IN March 1972 the Northern Ireland Parliament was closed, bringing to an end what was, in essence, a one-government, one-party state.
Almost 45 years later and we seem to have replaced that system of government with a two-party, two-state system. Those two parties, the DUP and Sinn Féin, have diametrically opposing views on the constitutional future of Northern Ireland, as well as mutually contradictory policies on education, culture, legacy, health and economics.
Their relationship since 2007 has been fractious for long periods and catastrophically bad at other times. They have managed to leave most of the `big ticket' issues unresolved. Backbench members from both parties barely talk to each other outside the confines of an Assembly committee.
Yet the electorate has again given these two parties a whopping mandate to work together: 54 per cent of the vote and almost two-thirds of the seats. And, in fairness to them, they seem to be rising to the challenge this time. There were some early concerns that the appointment of - or failure to appoint - a justice minister could lead to a second election, yet both Foster and McGuinness insisted they had everything under control (and they did).
They brushed off the UUP and SDLP decision to opt for opposition. They refused to grant what Alliance was demanding for taking the justice ministry again. They stood together. They acted together. They made life easy for each other.

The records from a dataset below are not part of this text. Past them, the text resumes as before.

lemma weighted_sum_square_Re_cis_approx:
  fixes w \<omega> :: "nat \<Rightarrow> real" and \<zeta> :: "nat \<Rightarrow> complex"
  assumes "finite K" and bound: "\<forall>k\<in>K. cmod (\<zeta> k) \<le> B"
  shows "\<bar>(\<Sum>i\<in>I. w i * (\<Sum>k\<in>K. Re (cnj (cis (real i * \<omega> k)) * \<zeta> k))\<^sup>2)
           - sum w I / 2 * (\<Sum>k\<in>K. (cmod (\<zeta> k))\<^sup>2)\<bar> \<le> B\<^sup>2 / 2 * cross_terms I w \<omega> K"
proof -
  define g where "g i k = Re (cnj (cis (real i * \<omega> k)) * \<zeta> k)" for i k
  define P where "P k l = (\<Sum>i\<in>I. w i * (g i k * g i l))" for k l
  define H where "H k l = (if k = l then sum w I / 2 * (cmod (\<zeta> k))\<^sup>2 else 0)" for k l
  define T where "T k l = cmod (weighted_exp_sum I w (\<omega> k + \<omega> l))
      + (if k = l then 0 else cmod (weighted_exp_sum I w (\<omega> k - \<omega> l)))" for k l
  have square: "(\<Sum>i\<in>I. w i * (\<Sum>k\<in>K. g i k)\<^sup>2) = (\<Sum>k\<in>K. \<Sum>l\<in>K. P k l)"
  proof -
    have "(\<Sum>k\<in>K. g i k)\<^sup>2 = (\<Sum>k\<in>K. \<Sum>l\<in>K. g i k * g i l)" for i
      by (simp add: power2_eq_square sum_product)
    then show ?thesis
      unfolding P_def by (simp add: sum_distrib_left sum.swap[of _ I])
  qed
  have diagonal: "(\<Sum>k\<in>K. \<Sum>l\<in>K. H k l) = sum w I / 2 * (\<Sum>k\<in>K. (cmod (\<zeta> k))\<^sup>2)"
    using \<open>finite K\<close> by (simp add: H_def sum_distrib_left)
  have pair: "\<bar>P k l - H k l\<bar> \<le> T k l * (cmod (\<zeta> k) * cmod (\<zeta> l)) / 2" for k l
  proof (cases "k = l")
    case True
    then show ?thesis
      using weighted_sum_Re_cis_square_approx[where I = I and w = w and a = "\<omega> l" and y = "\<zeta> l"]
      by (simp add: P_def H_def T_def g_def power2_eq_square)
  next
    case False
    then show ?thesis
      using weighted_sum_Re_cis_mult_le[where I = I and w = w and a = "\<omega> k" and y = "\<zeta> k" and b = "\<omega> l" and z = "\<zeta> l"]
      by (simp add: P_def H_def T_def g_def)
  qed
  have "\<bar>(\<Sum>k\<in>K. \<Sum>l\<in>K. P k l) - (\<Sum>k\<in>K. \<Sum>l\<in>K. H k l)\<bar> \<le> (\<Sum>k\<in>K. \<Sum>l\<in>K. \<bar>P k l - H k l\<bar>)"
    by (simp only: sum_subtractf[symmetric]) (intro order.trans[OF sum_abs] sum_mono sum_abs)
  also have "\<dots> \<le> (\<Sum>k\<in>K. \<Sum>l\<in>K. T k l * B\<^sup>2 / 2)"
  proof (intro sum_mono order.trans[OF pair] divide_right_mono mult_left_mono)
    fix k l assume "k \<in> K" "l \<in> K"
    then show "cmod (\<zeta> k) * cmod (\<zeta> l) \<le> B\<^sup>2"
      using bound by (simp add: power2_eq_square mult_mono')
    show "T k l \<ge> 0" by (simp add: T_def)
  qed simp
  also have "\<dots> = B\<^sup>2 / 2 * cross_terms I w \<omega> K"
    by (simp add: cross_terms_def T_def sum_distrib_left sum_divide_distrib add_divide_distrib algebra_simps)
  finally show ?thesis
    unfolding square[unfolded g_def, symmetric] diagonal by (simp only: g_def)
qed

lemma spec_norm_between:
  fixes A :: "nat \<Rightarrow> nat \<Rightarrow> real"
  assumes upper: "\<And>x. (\<Sum>j=1..d. (x j)\<^sup>2) = 1 \<Longrightarrow> (\<Sum>i=1..n. (\<Sum>j=1..d. A i j * x j)\<^sup>2) \<le> U"
    and unit: "(\<Sum>j=1..d. (x0 j)\<^sup>2) = 1"
    and lower: "L \<le> (\<Sum>i=1..n. (\<Sum>j=1..d. A i j * x0 j)\<^sup>2)"
  shows "sqrt L \<le> spec_norm n d A \<and> spec_norm n d A \<le> sqrt U"
proof -
  define T where "T = {sqrt (\<Sum>i=1..n. (\<Sum>j=1..d. A i j * x j)\<^sup>2) | x. (\<Sum>j=1..d. (x j)\<^sup>2) = 1}"
  have x0: "sqrt (\<Sum>i=1..n. (\<Sum>j=1..d. A i j * x0 j)\<^sup>2) \<in> T"
    unfolding T_def using unit by blast
  have T_le: "\<forall>t\<in>T. t \<le> sqrt U"
    unfolding T_def using upper by (auto intro: real_sqrt_le_mono)
  then have "bdd_above T" by (auto simp: bdd_above_def)
  then have "sqrt L \<le> Sup T"
    using cSup_upper[OF x0] lower real_sqrt_le_mono order_trans by blast
  moreover have "Sup T \<le> sqrt U"
    using x0 T_le by (intro cSup_least) auto
  ultimately show ?thesis
    by (simp add: spec_norm_def T_def)
qed

lemma spec_norm_rank_one:
  assumes unit: "(\<Sum>j=1..d. (v j)\<^sup>2) = 1"
  shows "spec_norm n d (\<lambda>i j. u i * v j) = sqrt (\<Sum>i=1..n. (u i)\<^sup>2)"
proof -
  have quad: "(\<Sum>i=1..n. (\<Sum>j=1..d. u i * v j * x j)\<^sup>2) = (\<Sum>i=1..n. (u i)\<^sup>2) * (\<Sum>j=1..d. v j * x j)\<^sup>2"
    for x
    by (simp add: sum_distrib_left sum_distrib_right power_mult_distrib mult.assoc flip: sum_distrib_left)
  have "(\<Sum>j=1..d. v j * x j)\<^sup>2 \<le> 1" if "(\<Sum>j=1..d. (x j)\<^sup>2) = 1" for x
    using Cauchy_Schwarz_ineq_sum[of v x "{1..d}"] that unit by simp
  then have "(\<Sum>i=1..n. (\<Sum>j=1..d. u i * v j * x j)\<^sup>2) \<le> (\<Sum>i=1..n. (u i)\<^sup>2)"
    if "(\<Sum>j=1..d. (x j)\<^sup>2) = 1" for x
    unfolding quad using that by (simp add: mult_left_le sum_nonneg)
  moreover have "(\<Sum>i=1..n. (u i)\<^sup>2) \<le> (\<Sum>i=1..n. (\<Sum>j=1..d. u i * v j * v j)\<^sup>2)"
    unfolding quad using unit by (simp add: power2_eq_square)
  ultimately show ?thesis
    using spec_norm_between[OF _ unit] by (meson order_antisym)
qed

lemma spec_norm_over_sqrt_tendsto:
  fixes A :: "nat \<Rightarrow> nat \<Rightarrow> nat \<Rightarrow> real" and q :: "(nat \<Rightarrow> real) \<Rightarrow> real" and S err :: "nat \<Rightarrow> real"
  assumes approx: "\<And>n x. (\<Sum>j=1..d. (x j)\<^sup>2) = 1 \<Longrightarrow>
      \<bar>(\<Sum>i=1..n. (\<Sum>j=1..d. A n i j * x j)\<^sup>2) - S n * q x\<bar> \<le> err n"
    and q_le: "\<And>x. (\<Sum>j=1..d. (x j)\<^sup>2) = 1 \<Longrightarrow> q x \<le> L"
    and x0: "(\<Sum>j=1..d. (x0 j)\<^sup>2) = 1" "q x0 = L"
    and S_pos: "\<forall>\<^sub>F n in sequentially. S n > 0"
    and err: "(\<lambda>n. err n / S n) \<longlonglongrightarrow> 0"
  shows "(\<lambda>n. spec_norm n d (A n) / sqrt (S n)) \<longlonglongrightarrow> sqrt L"
proof (rule tendsto_sandwich)
  have between: "sqrt (L - err n / S n) \<le> spec_norm n d (A n) / sqrt (S n)
      \<and> spec_norm n d (A n) / sqrt (S n) \<le> sqrt (L + err n / S n)" if "S n > 0" for n
  proof -
    have "sqrt (S n * L - err n) \<le> spec_norm n d (A n) \<and> spec_norm n d (A n) \<le> sqrt (S n * L + err n)"
    proof (rule spec_norm_between[OF _ x0(1)])
      fix x :: "nat \<Rightarrow> real" assume unit: "(\<Sum>j=1..d. (x j)\<^sup>2) = 1"
      have "S n * q x \<le> S n * L"
        using q_le[OF unit] that by (simp add: mult_left_mono)
      then show "(\<Sum>i=1..n. (\<Sum>j=1..d. A n i j * x j)\<^sup>2) \<le> S n * L + err n"
        using approx[OF unit, of n] by linarith
    next
      show "S n * L - err n \<le> (\<Sum>i=1..n. (\<Sum>j=1..d. A n i j * x0 j)\<^sup>2)"
        using approx[OF x0(1), of n] unfolding x0(2)[symmetric] by linarith
    qed
    moreover have "S n * L - err n = S n * (L - err n / S n)" "S n * L + err n = S n * (L + err n / S n)"
      using that by (simp_all add: field_simps)
    ultimately show ?thesis
      using that by (simp add: real_sqrt_mult pos_le_divide_eq pos_divide_le_eq mult.commute)
  qed
  show "\<forall>\<^sub>F n in sequentially. sqrt (L - err n / S n) \<le> spec_norm n d (A n) / sqrt (S n)"
    using S_pos by (rule eventually_mono) (use between in blast)
  show "\<forall>\<^sub>F n in sequentially. spec_norm n d (A n) / sqrt (S n) \<le> sqrt (L + err n / S n)"
    using S_pos by (rule eventually_mono) (use between in blast)
  show "(\<lambda>n. sqrt (L - err n / S n)) \<longlonglongrightarrow> sqrt L"
    using tendsto_real_sqrt[OF tendsto_diff[OF tendsto_const err]] by simp
  show "(\<lambda>n. sqrt (L + err n / S n)) \<longlonglongrightarrow> sqrt L"
    using tendsto_real_sqrt[OF tendsto_add[OF tendsto_const err]] by simp
qed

Ok, it's clearly far too early to assume that a new era of honest, consensual cooperation has broken out; but it is, at the very least, an indication that the two parties have accepted that they are on their own for the next five years. There are no excuses for not working together. They are the government. And even though Claire Sugden is the justice minister (and, believe me, she is very, very talented) much of what she does will be steered by their joint view on each issue.
I think the most important thing they could do over the next few months would be to move away - as I wrote here a couple of years ago - from the notion that `nothing is agreed until everything is agreed'. All that does is create a political/policy bramble bush in which everything ends up snagged on something else; meaning that decisions are either shelved altogether or so watered down that they are rendered utterly ineffective.
Surely it would be better to resolve one issue - even smallish ones - at a time and bank each success as they go along? Also, each new success makes it just that little bit harder for the new official opposition to get under their skin and expose their differences.
The same applies to the UUP and SDLP. If they are genuinely hungry for political and electoral relevance again then they need to make opposition work and they need to make it work together. They don't have the numbers or resources to provide effective separate oppositions and if the DUP and Sinn Féin get their act together and focus on agreed policies then they'll actually be putting pressure on Nesbitt and Eastwood, rather than the other way around.
So I was a little bit concerned when I heard Nesbitt say that, for the time being, the UUP and SDLP would be working separately. Neither party is big enough, or brimming with enough talent, to make separate, competing oppositions a serious option.
The Alliance party has some serious thinking to do, as well. They didn't have a good election and will be disappointed not to be in the Executive - either in their own right, or as part of a deal to carry on with justice. And nor are they entitled to be part of the official opposition, either. All of which means that they will have to try a little bit harder to have their voice heard. I'm also pretty sure that David Ford will be standing aside as leader fairly soon, leaving it to Naomi Long to prepare the party for the next round of elections, beginning in 2019.
During a radio interview on Wednesday morning, a few hours before the Executive was appointed, I noted: "This is a new day for Northern Ireland. A new government. A new opposition. A genuine chance for politics to be done differently. The moment to end Groundhog Day." Although that sounds very optimistic for me - it occasionally happens, by the way - I really do hope that the next five years will mark the sort of progress that most of us have been arguing for since 1998.